Как раз в этот момент сам человек появился в дверях. Мы подошли, и я представил солдата, который со слезами на глазах выразил свою благодарность за этот акт христианского милосердия.

«Да, — сказал человек, когда ему напомнили об этом обстоятельстве, — мы делали все, что могли. Мы пекли здесь хлеб день и ночь, чтобы дать его каждому голодному солдату, который его просил. Мы отправили своих детей прочь, чтобы освободить место для раненых солдат, и в течение нескольких дней наш дом был госпиталем».

Случаев такого рода немало. Пусть они будут запомнены во славу Геттисберга.

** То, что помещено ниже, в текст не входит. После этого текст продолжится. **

(* Generalised Outer Multi-Objective RL (GOMORL), Occupancy Measure Orderings (OMO) and Trajectory Lottery Orderings (TLO) are equally expressive: for every environment $E$, $\mathrm{Ord}_{\mathrm{GOMORL}}(E)=\mathrm{Ord}_{\mathrm{OMO}}(E)=\mathrm{Ord}_{\mathrm{TLO}}(E)$.
   Context: An environment is a tuple $E=(\mathcal S,\mathcal A,\mathcal T,\mathcal I)$ where $\mathcal S,\mathcal A$ are finite nonempty sets, $\mathcal T:\mathcal S\times\mathcal A\to\Delta(\mathcal S)$ and $\mathcal I\in\Delta(\mathcal S)$. A policy is a map $\pi:\mathcal S\to\Delta(\mathcal A)$ (stationary, possibly stochastic); $\Pi^E$ denotes the set of all policies. A trajectory $\xi=(s_0,a_0,s_1,a_1,\dots)$ is generated under $\pi$ by $s_0\sim\mathcal I$, $a_t\sim\pi(s_t)$, $s_{t+1}\sim\mathcal T(s_t,a_t)$; $\mathbb E^\pi_\xi,\mathbb P^\pi$ denote expectation and probability under this distribution. An objective-specification formalism $X$ assigns to each environment $E$ a set of objective specifications, each inducing a total preorder $\succeq$ on $\Pi^E$; $\mathrm{Ord}_X(E)$ is the set of total preorders so induced. Occupancy measure: for $\gamma\in[0,1)$, $\vec m_\gamma(\pi)\in\mathbb R^{\mathcal S\times\mathcal A\times\mathcal S}$, $\vec m_\gamma(\pi)[s,a,s']=\sum_{t=0}^\infty\gamma^t\,\mathbb P^\pi[s_t=s,a_t=a,s_{t+1}=s']$, and $\vec m_\gamma(\Pi^E)=\{\vec m_\gamma(\pi):\pi\in\Pi^E\}$. Trajectory lottery: $L_{k,\pi}$ is the distribution of $(s_0,a_0,\dots,a_{k-1},s_k)$ under $\pi$, $L_\pi=(L_{0,\pi},L_{1,\pi},\dots)$, and $L_{\Pi^E}=\{L_\pi:\pi\in\Pi^E\}$. GOMORL: specification $(k,\mathcal R,\gamma,\succeq_J)$ with $k\in\mathbb N$, $\mathcal R:\mathcal S\times\mathcal A\times\mathcal S\to\mathbb R^k$ with components $\mathcal R_i$, $\gamma\in[0,1)$, $\succeq_J$ a total preorder on $\mathbb R^k$; with $\vec J(\pi)=(J_1(\pi),\dots,J_k(\pi))$, $J_i(\pi)=\mathbb E^\pi_\xi[\sum_{t=0}^\infty\gamma^t\mathcal R_i(s_t,a_t,s_{t+1})]$, it induces $\pi_1\succeq\pi_2\iff\vec J(\pi_1)\succeq_J\vec J(\pi_2)$. OMO: specification $(\gamma,\succeq_m)$ with $\gamma\in[0,1)$ and $\succeq_m$ a total preorder on $\vec m_\gamma(\Pi^E)$; it induces $\pi_1\succeq\pi_2\iff\vec m_\gamma(\pi_1)\succeq_m\vec m_\gamma(\pi_2)$. TLO: specification $(\succeq_L)$ with $\succeq_L$ a total preorder on $L_{\Pi^E}$; it induces $\pi_1\succeq\pi_2\iff L_{\pi_1}\succeq_L L_{\pi_2}$. *)

theory Defs
  imports "HOL-Probability.Probability"
begin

О масштабах сражения, столь отчаянно ведшегося в течение трех дней армиями численностью не менее двухсот тысяч человек, невозможно составить адекватное представление. Один или два факта могут помочь составить слабое представление о нем. Луг мистера Калпа под Кладбищенским холмом — участок почти в двадцать акров — был так густо усеян мертвыми мятежниками, что мистер Калп заявил, что «мог бы пройти через него, не поставив ноги на землю». Более трехсот конфедератов были похоронены на этом прекрасном поле в одной яме. На ферме мистера Гвинна под Раунд-Топ почти пятьсот сынов Юга лежат вперемешку, сваленные в одну огромную гробницу. О количествах железа, о возах оружия, ранцев, сумок и одежды, которые усеивали страну, невозможно составить оценку. Правительство установило охрану над ними, и в течение недель чиновники были заняты сбором всех наиболее ценных трофеев. Урожай пуль был оставлен на откуп гражданам. Многие из бедных людей делали процветающий бизнес, собирая эти снаряды смерти и продавая их торговцам; двое из которых только в Балтимор отправили пятьдесят тонн свинца, собранного таким образом с этого поля битвы.

АЛЕКСАНДР ГАМИЛЬТОН.

Величайшее имя в американской истории — это Александр Гамильтон, если мы примем во внимание разносторонность человека, который его носил, ранний возраст, в котором он начал великую общественную карьеру, успех, сопутствовавший всем его трудам, впечатление, которое он произвел на свою страну и ее правительство, и редкую прозорливость, благодаря которой он был способен понять, что наша политическая система столкнется с той самой опасностью, через которую она только что прошла — и прошла не без получения тяжелых ран, которые сделали ее едва узнаваемой даже для ее самых горячих поклонников. Талейран, который справедливо оценивал таланты и характер Гамильтона, сказал, что он разгадал Европу. Американцу не нужно обладать высокими полномочиями или положением, чтобы рискнуть утверждать, что Гамильтон разгадал американскую историю и предвидел все, от чего мы пострадали, потому что наши предшественники хотели построить национальное здание на песке, так что оно не могло устоять против политического шторма, который было во власти эгоистичных партийцев направить против него, но должно, так сказать, подпираться могучими флотами и армиями. Система, которая, если бы она была правильно сформирована с самого начала, была бы самоподдерживающейся, была спасена от разрушения исключительно восстанием народа, которому пришлось действовать пулями и штыками, когда наивно надеялись, что бюллетень всегда будет достаточно грозным оружием в руке американского гражданина и что ему никогда не придется становиться гражданином-солдатом в гражданском конфликте. Если бы Гамильтону позволили сформировать нашу национальную политику, она работала бы так же успешно веками, как та финансовая система, которую он сформировал, и от которой никогда не отступали без того, чтобы результат не был крайне вредным для страны. В наши дни, когда события так знаменательно оправдали взгляды Александра Гамильтона и ежедневно оправдывают их, может быть небесполезно взглянуть на карьеру того, чьи добродетели, заслуги и гений постоянно растут в оценке его соотечественников и мира, «мертвые становятся видимыми из теней времени».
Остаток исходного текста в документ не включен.